In spite of my temptation to lord that mythic piece of coal over T’s head, we’re eschewing the naughty/nice concept and focusing instead on the sled/reindeer/fat guy in a red suit stuff. So far, T is just concerned that the dogs are going to bark at Santa and scare him.

How about you? How do you tell the story?

14 Responses to 'The Big Lie'

  1. Madgew says:

    Jillian,

    Ask Joe on the next family website (thenextfamily.com). He is our new child behaviorist and he can surely guide you.

    With my grand kids we have Hanukkah Harry who they somehow heard about. Now at age 6 they ask if he really exists and I told them he does he they want him to and if not, not. They got it. When they were T’s age they were wholehearted believers and I went right along even telling them I caught a glimpse of him right before they got to my house. They were so excited and asked so many questions about what he really looked like and was he nice or mean to me. Too many questions that I really almost lost it. Now they are old enough to decide themselves and my little grand daughters just go along with whatever.

  2. Laura says:

    I have no kids of my own, but thinking back on my parents’ way of teaching us about Santa, I think they went about it in a pretty good way. Like you decided, it was less about the he-sees-you-when-you’re-sleeping Santa and more about the he-brings-presents Santa. Which made Christmas way more fun. I was so into the whole leaving cookies and milk for Santa thing. And as tempting as it may be to use Santa to bribe kids, I think in the end it’ll be better if they behave because they know you want them to and because they know it’s the right thing to do – not because they think some red-suited stranger won’t give them presents if they’re bad.

  3. Laura says:

    Also, those pictures are way adorable.

  4. AmyP says:

    T is so adorable — love his joy and the gingerbread house. I don’t have kids so I can only speak of my experience. I believed in Santa till I was six. I became skeptical enough to ask, and at this point I already knew the answer. It was disappointing nonetheless, a sad afternoon.

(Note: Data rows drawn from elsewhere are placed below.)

lemma summable_twisted_terms:
  assumes "w \<in> unit_polydisc"
  shows "summable (\<lambda>k. a k * w k * (- 2 * of_real pi * \<i> * of_real (\<tau> k)) ^ n * phase (\<tau> k) s)"
  by (rule summable_comparison_test'[OF summable_coeff_power[of n]])
     (use norm_twisted_term_le assms in \<open>auto simp: unit_polydisc_def\<close>)

lemma twisted_series_factorially_bounded:
  assumes "w \<in> unit_polydisc"
  shows "factorially_bounded (\<lambda>n. twisted_series a \<tau> n w) decay_sum (2 * pi / \<eta>)"
  unfolding factorially_bounded_def
proof (intro allI)
  fix n s
  have "cmod (twisted_series a \<tau> n w s)
          \<le> (\<Sum>k. cmod (a k * w k * (- 2 * of_real pi * \<i> * of_real (\<tau> k)) ^ n * phase (\<tau> k) s))"
    unfolding twisted_series_def
    by (rule summable_norm, rule summable_comparison_test'[OF summable_coeff_power[of n]])
       (use norm_twisted_term_le assms in \<open>auto simp: unit_polydisc_def\<close>)
  also have "\<dots> \<le> (\<Sum>k. cmod (a k) * (2 * pi * \<bar>\<tau> k\<bar>) ^ n)"
    by (intro suminf_le summable_coeff_power summable_comparison_test'[OF summable_coeff_power[of n]])
       (use norm_twisted_term_le assms in \<open>auto simp: unit_polydisc_def\<close>)
  also have "\<dots> \<le> (\<Sum>k. fact n * (2 * pi / \<eta>) ^ n * (cmod (a k) * exp (\<eta> * \<bar>\<tau> k\<bar>)))"
    by (intro suminf_le summable_coeff_power summable_mult summable_decay coeff_power_le)
  also have "\<dots> = fact n * (2 * pi / \<eta>) ^ n * decay_sum"
    unfolding decay_sum_def by (rule suminf_mult[OF summable_decay])
  finally show "norm (twisted_series a \<tau> n w s) \<le> decay_sum * fact n * (2 * pi / \<eta>) ^ n"
    by (simp add: mult_ac)
qed

lemma twisted_series_derivative_chain:
  assumes w: "w \<in> unit_polydisc"
  shows "derivative_chain (\<lambda>n. twisted_series a \<tau> n w)"
  unfolding derivative_chain_def
proof (intro allI)
  fix n s
  let ?c = "\<lambda>k. - 2 * of_real pi * \<i> * of_real (\<tau> k)"
  have "((\<lambda>x. \<Sum>k. a k * w k * ?c k ^ n * phase (\<tau> k) x) has_vector_derivative
        (\<Sum>k. a k * w k * ?c k ^ n * (?c k * phase (\<tau> k) s))) (at s)"
  proof (rule has_vector_derivative_series[OF _ _ summable_coeff_power[of "Suc n"]])
    show "((\<lambda>x. a k * w k * ?c k ^ n * phase (\<tau> k) x) has_vector_derivative
            a k * w k * ?c k ^ n * (?c k * phase (\<tau> k) x)) (at x)" for k x
      by (intro has_vector_derivative_mult_right phase_has_vector_derivative)
    show "cmod (a k * w k * ?c k ^ n * (?c k * phase (\<tau> k) x)) \<le> cmod (a k) * (2 * pi * \<bar>\<tau> k\<bar>) ^ Suc n"
      for k x
      using norm_twisted_term_le[of w k "Suc n" x] w by (simp add: unit_polydisc_def mult_ac)
  qed (rule summable_twisted_terms[OF w])
  then show "(twisted_series a \<tau> n w has_vector_derivative twisted_series a \<tau> (Suc n) w s) (at s)"
    unfolding twisted_series_def by (simp add: mult_ac)
qed

lemma continuous_on_twisted_series: "continuous_on unit_polydisc (\<lambda>w. twisted_series a \<tau> n w s)"
proof -
  let ?t = "\<lambda>k w. a k * w k * (- 2 * of_real pi * \<i> * of_real (\<tau> k)) ^ n * phase (\<tau> k) s"
  have "uniform_limit unit_polydisc (\<lambda>N w. \<Sum>k<N. ?t k w) (\<lambda>w. \<Sum>k. ?t k w) sequentially"
    by (rule Weierstrass_m_test[OF _ summable_coeff_power[of n]])
       (use norm_twisted_term_le in \<open>auto simp: unit_polydisc_def\<close>)
  moreover have "continuous_on unit_polydisc (\<lambda>w. \<Sum>k<N. ?t k w)" for N
    by (intro continuous_intros continuous_on_product_then_coordinatewise continuous_on_id)
  ultimately show ?thesis unfolding twisted_series_def
    by (intro uniform_limit_theorem) auto
qed

definition orbit :: "real \<Rightarrow> nat \<Rightarrow> complex" where
  "orbit u = (\<lambda>k. phase (\<tau> k) u)"

definition orbit_closure :: "(nat \<Rightarrow> complex) set" where
  "orbit_closure = closure (range orbit)"

lemma orbit_in_closure: "orbit u \<in> orbit_closure"
  unfolding orbit_closure_def by (simp add: closure_subset[THEN subsetD])
lemma has_bochner_integral_bandit_space_combination:
  fixes h1 h2 :: "real \<Rightarrow> real"
  assumes s: "0 < \<sigma>" and h[measurable]: "h1 \<in> borel_measurable borel" "h2 \<in> borel_measurable borel"
    and h_int: "integrable (normal_measure \<mu> \<sigma>) h1" "integrable (normal_measure \<mu> \<sigma>) h2"
    and A[measurable]: "A1 \<in> sets noise_measure" "A2 \<in> sets noise_measure"
  shows "has_bochner_integral (bandit_space \<mu> \<sigma>)
      (\<lambda>\<omega>. (fst \<omega> - lam) * p + q * (h1 (fst \<omega>) * indicator A1 (snd \<omega>) - h2 (fst \<omega>) * indicator A2 (snd \<omega>)))
      ((\<mu> - lam) * p + q * (integral\<^sup>L (normal_measure \<mu> \<sigma>) h1 * measure noise_measure A1
                          - integral\<^sup>L (normal_measure \<mu> \<sigma>) h2 * measure noise_measure A2))"
proof -
  interpret P: prob_space "normal_measure \<mu> \<sigma>" using s by (rule prob_space_normal_density)
  have lin_meas: "(\<lambda>x::real. x - lam) \<in> borel_measurable borel" by simp
  have id_int: "integrable (normal_measure \<mu> \<sigma>) (\<lambda>x. x)"
    by (rule integrable_normal_measure_affine_bound[OF s, of _ 0 1]) auto
  then have lin_int: "integrable (normal_measure \<mu> \<sigma>) (\<lambda>x. x - lam)" by simp
  have "integral\<^sup>L (normal_measure \<mu> \<sigma>) (\<lambda>x. x - lam) = \<mu> - lam"
    using Bochner_Integration.integral_diff[OF id_int, of "\<lambda>_. lam"] integral_normal_measure_id[OF s]
    using P.prob_space by simp
  then have lin: "has_bochner_integral (bandit_space \<mu> \<sigma>) (\<lambda>\<omega>. fst \<omega> - lam) (\<mu> - lam)"
    unfolding has_bochner_integral_iff
    using integral_bandit_space_fst[OF lin_meas] integrable_bandit_space_fst[OF lin_meas lin_int] by simp
  have events: "has_bochner_integral (bandit_space \<mu> \<sigma>) (\<lambda>\<omega>. h1 (fst \<omega>) * indicator A1 (snd \<omega>))
      (integral\<^sup>L (normal_measure \<mu> \<sigma>) h1 * measure noise_measure A1)"
    "has_bochner_integral (bandit_space \<mu> \<sigma>) (\<lambda>\<omega>. h2 (fst \<omega>) * indicator A2 (snd \<omega>))
      (integral\<^sup>L (normal_measure \<mu> \<sigma>) h2 * measure noise_measure A2)"
    unfolding has_bochner_integral_iff
    using integrable_bandit_space_fst_noise_event[OF s h(1) h_int(1) A(1)]
      integral_bandit_space_fst_noise_event[OF s h(1) h_int(1) A(1)]
      integrable_bandit_space_fst_noise_event[OF s h(2) h_int(2) A(2)]
      integral_bandit_space_fst_noise_event[OF s h(2) h_int(2) A(2)]
    by simp_all
  have "has_bochner_integral (bandit_space \<mu> \<sigma>) (\<lambda>\<omega>. (fst \<omega> - lam) * p) ((\<mu> - lam) * p)"
    by (rule has_bochner_integral_mult_left) (rule lin)
  moreover have "has_bochner_integral (bandit_space \<mu> \<sigma>)
      (\<lambda>\<omega>. q * (h1 (fst \<omega>) * indicator A1 (snd \<omega>) - h2 (fst \<omega>) * indicator A2 (snd \<omega>)))
      (q * (integral\<^sup>L (normal_measure \<mu> \<sigma>) h1 * measure noise_measure A1
            - integral\<^sup>L (normal_measure \<mu> \<sigma>) h2 * measure noise_measure A2))"
    by (rule has_bochner_integral_mult_right) (rule has_bochner_integral_diff[OF events])
  ultimately show ?thesis by (rule has_bochner_integral_add)
qed
lemma toeplitz_schur_norm_infinite:
  assumes "infinite S"
  shows "\<exists>X \<in> schur_class (toeplitz_pattern S). schur_norm X = \<infinity>"
proof (rule schur_norm_infinite_if_block_witnesses)
  fix c :: real
  obtain S' where S': "finite S'" "card S' = Suc (nat \<lceil>4 * c\<rceil> ^ 2)" "S' \<subseteq> S"
    using infinite_arbitrarily_large[OF assms] by blast
  then have "S' \<noteq> {}"
    by auto
  have "4 * c \<le> real (nat \<lceil>4 * c\<rceil>)"
    by linarith
  also have "\<dots> \<le> sqrt (card S')"
    using S'(2) by (simp add: real_le_rsqrt)
  finally have "c \<le> sqrt (card S') / 4"
    by simp
  moreover have "toeplitz_pattern S' \<subseteq> toeplitz_pattern S"
    using S'(3) by (auto simp: toeplitz_pattern_def)
  ultimately show "\<exists>L. \<forall>b0. \<exists>X T. schur_witness (toeplitz_pattern S) c {b0..<b0 + L} X T"
    using toeplitz_schur_witness[OF S'(1) \<open>S' \<noteq> {}\<close>] schur_witness_mono by meson
qed

theorem proposition3p2:
  fixes S :: "int set"
  shows "ereal (1/4) * sqrt_card S \<le> schur_sup (toeplitz_pattern S)
       \<and> schur_sup (toeplitz_pattern S) \<le> sqrt_card S
       \<and> (infinite S \<longrightarrow> \<not> schur_bounded (toeplitz_pattern S))"
proof (cases "finite S")
  case True
  then show ?thesis
    using schur_sup_toeplitz_ge schur_sup_toeplitz_le by blast
next
  case False
  then obtain X where X: "X \<in> schur_class (toeplitz_pattern S)" "schur_norm X = \<infinity>"
    using toeplitz_schur_norm_infinite by blast
  then have "schur_sup (toeplitz_pattern S) = \<infinity>"
    unfolding schur_sup_def by (metis SUP_upper top.extremum_uniqueI top_ereal_def)
  with False X show ?thesis
    by (auto simp: sqrt_card_def schur_bounded_def)
qed

end
lemma east_jump_pow_invariant:
  assumes "\<sigma> \<in> east_states L"
  shows "(\<Sum>\<eta>\<in>east_states L. east_pi q L \<eta> * mat_pow (east_states L) (east_jump q L) n \<eta> \<sigma>)
      = east_pi q L \<sigma>"
  using assms
proof (induction n arbitrary: \<sigma>)
  case 0 then show ?case using finite_east_states[of L] by (simp add: mult.commute)
next
  case (Suc n)
  let ?S = "east_states L" and ?P = "east_jump q L"
  have "(\<Sum>\<eta>\<in>?S. east_pi q L \<eta> * mat_pow ?S ?P (Suc n) \<eta> \<sigma>)
     = (\<Sum>\<eta>\<in>?S. east_pi q L \<eta> * (\<Sum>z\<in>?S. mat_pow ?S ?P n \<eta> z * ?P z \<sigma>))"
    using mat_pow_Suc_right[OF finite_east_states _ Suc.prems] by (intro sum.cong refl) (simp del: mat_pow.simps)
  also have "\<dots> = (\<Sum>\<eta>\<in>?S. \<Sum>z\<in>?S. east_pi q L \<eta> * mat_pow ?S ?P n \<eta> z * ?P z \<sigma>)"
    by (simp add: sum_distrib_left mult.assoc)
  also have "\<dots> = (\<Sum>z\<in>?S. \<Sum>\<eta>\<in>?S. east_pi q L \<eta> * mat_pow ?S ?P n \<eta> z * ?P z \<sigma>)"
    by (rule sum.swap)
  also have "\<dots> = (\<Sum>z\<in>?S. (\<Sum>\<eta>\<in>?S. east_pi q L \<eta> * mat_pow ?S ?P n \<eta> z) * ?P z \<sigma>)"
    by (simp add: sum_distrib_right)
  also have "\<dots> = (\<Sum>z\<in>?S. east_pi q L z * ?P z \<sigma>)" using Suc.IH by simp
  also have "\<dots> = east_pi q L \<sigma>" by (rule east_jump_invariant[OF Suc.prems])
  finally show ?case .
qed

    But I loved the experience of believing in Santa, just as I loved Santa. Our across the street neighbor would dress up in a Santa costume and visit all the kids in the neighborhood. I completely believed he was Santa and was in awe. I’d scan the moonsplashed nights all December for signs of the reindeer sleigh, and convince myself that the red light of a plane was really Rudolf’s nose glowing. I’d imagine reindeer feet on the roof Christmas eve as I fell asleep. My parents told me no child was supposed to see Santa at work — which kept me upstairs. I left out milk and cookies, which I spent way too much time selecting with thought and love.

    When mom told me Santa wasn’t real, she said that he did exist, but he existed as ‘the spirit of giving.” It was a very wise thing for her to say, and it helped with the disappointment. I treasure the memories. FWIW.

  5. Kristern says:

    We are the same way. It is sooo tempting to do the “santa is watching” thing but I don’t like teaching kids this concept of a punitive higher power, which is really what the santa mythology teaches. Even though it would make my day a little easier!

    I have never taught my kids a thing about santa, but they know all about it from their friends, so we just kind of go with it, and try to downplay it.

  6. Kristen says:

    Kristern? Crap, I need some sleep.

  7. admin says:

    Wow. Thanks for all this gorgeous writing and for sharing your perspectives!

  8. Catherine says:

    Hi Jillian,

    I can only say that I wish I was as liberal and straight forward with my son (who is also Tariku’s age) as you are with T. I believed in Santa for a while, I think until the Christmas where I saw my parents sneaking in a Fisher-Price dollhouse for my sister which they later claimed it was delivered by Santa… My husband was adamant about Leonidas getting a picture with Santa and being good so Santa can bring him presents… I hate the concept of exchanging good behavior for gifts, even though we used that technique for getting him potty-trained and yes, it worked. I think that kids need that “magic” in their little lives, even though it’s a myth and even though they’ll wake up one morning and realize that it was all a major commercial ploy. I say, do what feels right to you.

  9. Tadd says:

    While I’m not a parent, I can very vividly remember the role Santa Clause played in my childhood. I was always unsure of his existence, but always left cookies out for him. One year my parents went out of their way to wrap a bunch of gifts in different wrapping paper than what was used on all of the other gifts while me and my siblings were asleep. I was totally fooled, and thought he existed for sure after that. My parents never came out and said “he’s not real” but I think I just figured it out over time.
    Looking back, I know they did it to get me excited about Santa, but it is a blatant lie and they completely tricked me. I don’t hold a grudge or anything, but I still feel unsure of my parents going out of their way to make me think someone that didn’t exist, did.
    I ran across this website this morning and that’s why I returned to comment on your blog. To me, this is an all time low.
    http://www.icaughtsanta.com/
    It’s one thing to tell them, it’s another to completely trick your kids into thinking someone was at your house by showing them “proof”. I thought you might find this interesting.

  10. Lesley says:

    We focus more on the “spirit” of Christmas in our home. Of course, Santa comes up and we do go see Santa for the delivery of the letter and picture BUT I try to stay focused on what I think the true meaning of Christmas is. Giving. Kindness. Love.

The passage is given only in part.